lemma prob_round_avoiding_pair_le:
  assumes v: "v < n" "v' < n" "v \<noteq> v'"
  shows "measure_pmf.prob (round_pmf n E q) (Pi {..<n} (avoiding_choices n {v, v'})) \<le>
    measure_pmf.prob (round_pmf n E q) (Pi {..<n} (avoiding_choices n {v})) *
    measure_pmf.prob (round_pmf n E q) (Pi {..<n} (avoiding_choices n {v'})) *
    (if E v v' then (1 / (1 - q / d0))^2 else 1)"
proof -
  define r where "r u = (if E v v' \<and> u \<in> {v, v'} then 1 / (1 - q / d0) else 1)" for u
  have "(\<Prod>u<n. avoid_prob n E q {v, v'} u) \<le>
      (\<Prod>u<n. avoid_prob n E q {v} u * avoid_prob n E q {v'} u * r u)"
    unfolding r_def using v by (intro prod_mono conjI avoid_prob_nonneg avoid_prob_pair_le) auto
  also have "\<dots> = (\<Prod>u<n. avoid_prob n E q {v} u) * (\<Prod>u<n. avoid_prob n E q {v'} u) * (\<Prod>u<n. r u)"
    by (simp add: prod.distrib)
  also have "(\<Prod>u<n. r u) = (if E v v' then (1 / (1 - q / d0))^2 else 1)"
  proof (cases "E v v'")
    case True
    have "(\<Prod>u<n. r u) = (\<Prod>u\<in>{v, v'}. 1 / (1 - q / d0))"
      using True v unfolding r_def by (intro prod.mono_neutral_cong_right) auto
    thus ?thesis using True v(3) by (simp add: power2_eq_square)
  qed (simp add: r_def)
  finally show ?thesis unfolding prob_round_avoiding_eq_prod .
qed
lemma card_roots_of_unity_integer_mod_group:
  fixes d e :: nat
  assumes "d > 0" "e > 0"
  shows "card {k \<in> carrier (integer_mod_group (d * e)). k [^]\<^bsub>integer_mod_group (d * e)\<^esub> d
           = \<one>\<^bsub>integer_mod_group (d * e)\<^esub>} = d"
proof -
  have "{k \<in> carrier (integer_mod_group (d * e)). k [^]\<^bsub>integer_mod_group (d * e)\<^esub> d
           = \<one>\<^bsub>integer_mod_group (d * e)\<^esub>}
      = {k \<in> {0..<int d * int e}. int d * k mod (int d * int e) = 0}"
    using assms by (simp add: carrier_integer_mod_group)
  also have "\<dots> = (\<lambda>j. int e * j) ` {0..<int d}"
  proof (rule Set.set_eqI)
    fix k
    have "int d * k mod (int d * int e) = 0 \<longleftrightarrow> int e dvd k"
      using assms by (simp add: mod_eq_0_iff_dvd)
    then show "k \<in> {k \<in> {0..<int d * int e}. int d * k mod (int d * int e) = 0}
        \<longleftrightarrow> k \<in> (\<lambda>j. int e * j) ` {0..<int d}"
      using assms by (auto simp: dvd_def image_iff zero_le_mult_iff mult.commute[of "int e"])
  qed
  finally have eq: "{k \<in> carrier (integer_mod_group (d * e)). k [^]\<^bsub>integer_mod_group (d * e)\<^esub> d
           = \<one>\<^bsub>integer_mod_group (d * e)\<^esub>} = (\<lambda>j. int e * j) ` {0..<int d}" .
  have "inj_on (\<lambda>j. int e * j) {0..<int d}" using assms by (auto simp: inj_on_def)
  then have "card ((\<lambda>j. int e * j) ` {0..<int d}) = d" by (simp add: card_image)
  then show ?thesis by (simp only: eq)
qed

definition conjugation :: "('a, 'b) monoid_scheme \<Rightarrow> 'a \<Rightarrow> 'a \<Rightarrow> 'a"
  where "conjugation G g = (\<lambda>x \<in> carrier G. g \<otimes>\<^bsub>G\<^esub> x \<otimes>\<^bsub>G\<^esub> inv\<^bsub>G\<^esub> g)"

context group
begin

lemma conjugate_eq_iff_commute:
  assumes "g \<in> carrier G" "x \<in> carrier G"
  shows "g \<otimes> x \<otimes> inv g = x \<longleftrightarrow> g \<otimes> x = x \<otimes> g"
  using assms by (metis inv_solve_right m_closed)

lemma nat_pow_conjugate:
  assumes "h \<in> carrier G" "x \<in> carrier G"
  shows "(h \<otimes> x \<otimes> inv h) [^] (n::nat) = h \<otimes> x [^] n \<otimes> inv h"
proof (induction n)
  case 0 then show ?case using assms by simp
next
  case (Suc n)
  have cancel: "inv h \<otimes> (h \<otimes> y) = y" if "y \<in> carrier G" for y
    using assms that by (simp add: m_assoc[symmetric])
  have "(h \<otimes> x \<otimes> inv h) [^] Suc n = (h \<otimes> x [^] n \<otimes> inv h) \<otimes> (h \<otimes> x \<otimes> inv h)"
    using Suc by simp
  also have "\<dots> = h \<otimes> (x [^] n \<otimes> x) \<otimes> inv h"
    using assms by (simp add: m_assoc cancel)
  finally show ?case by simp
qed

lemma centralizer_subgroup:
  assumes "S \<subseteq> carrier G"
  shows "subgroup (centralizer G S) G"
proof (rule subgroupI)
  show "centralizer G S \<subseteq> carrier G" by (auto simp: centralizer_def)
  have "\<one> \<in> centralizer G S" using assms by (auto simp: centralizer_def)
  then show "centralizer G S \<noteq> {}" by blast
next
  fix g assume g: "g \<in> centralizer G S"
  have "inv g \<otimes> s = s \<otimes> inv g" if s: "s \<in> S" for s
  proof -
    have gs: "g \<in> carrier G" "s \<in> carrier G" using g s assms by (auto simp: centralizer_def)
    have "g \<otimes> s = s \<otimes> g" using g s by (simp add: centralizer_def)
    then have "g \<otimes> s \<otimes> inv g = s" using conjugate_eq_iff_commute[OF gs] by simp
    then have "inv g \<otimes> s = inv g \<otimes> (g \<otimes> s \<otimes> inv g)" by simp
    also have "\<dots> = s \<otimes> inv g" using gs by (simp add: m_assoc[symmetric])
    finally show ?thesis .
  qed
  then show "inv g \<in> centralizer G S" using g by (auto simp: centralizer_def)
next
  fix g h assume g: "g \<in> centralizer G S" and h: "h \<in> centralizer G S"
  have "g \<otimes> h \<otimes> s = s \<otimes> (g \<otimes> h)" if s: "s \<in> S" for s
  proof -
    have ghs: "g \<in> carrier G" "h \<in> carrier G" "s \<in> carrier G"
      using g h s assms by (auto simp: centralizer_def)
    have "g \<otimes> h \<otimes> s = g \<otimes> (s \<otimes> h)" using h s ghs by (simp add: centralizer_def m_assoc)
    also have "\<dots> = s \<otimes> g \<otimes> h" using g s ghs by (simp add: centralizer_def m_assoc[symmetric])
    finally show ?thesis using ghs by (simp add: m_assoc)
  qed
  then show "g \<otimes> h \<in> centralizer G S" using g h by (auto simp: centralizer_def)
qed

About this exercise: Your answer should consist only of the lines above between the line holding "case 0 then show ?case using assms by simp" and the line holding "fix g assume", inclusive, each transcribed exactly.

Reply:
  case 0 then show ?case using assms by simp
next
  case (Suc n)
  have cancel: "inv h \<otimes> (h \<otimes> y) = y" if "y \<in> carrier G" for y
    using assms that by (simp add: m_assoc[symmetric])
  have "(h \<otimes> x \<otimes> inv h) [^] Suc n = (h \<otimes> x [^] n \<otimes> inv h) \<otimes> (h \<otimes> x \<otimes> inv h)"
    using Suc by simp
  also have "\<dots> = h \<otimes> (x [^] n \<otimes> x) \<otimes> inv h"
    using assms by (simp add: m_assoc cancel)
  finally show ?case by simp
qed

lemma centralizer_subgroup:
  assumes "S \<subseteq> carrier G"
  shows "subgroup (centralizer G S) G"
proof (rule subgroupI)
  show "centralizer G S \<subseteq> carrier G" by (auto simp: centralizer_def)
  have "\<one> \<in> centralizer G S" using assms by (auto simp: centralizer_def)
  then show "centralizer G S \<noteq> {}" by blast
next
  fix g assume g: "g \<in> centralizer G S"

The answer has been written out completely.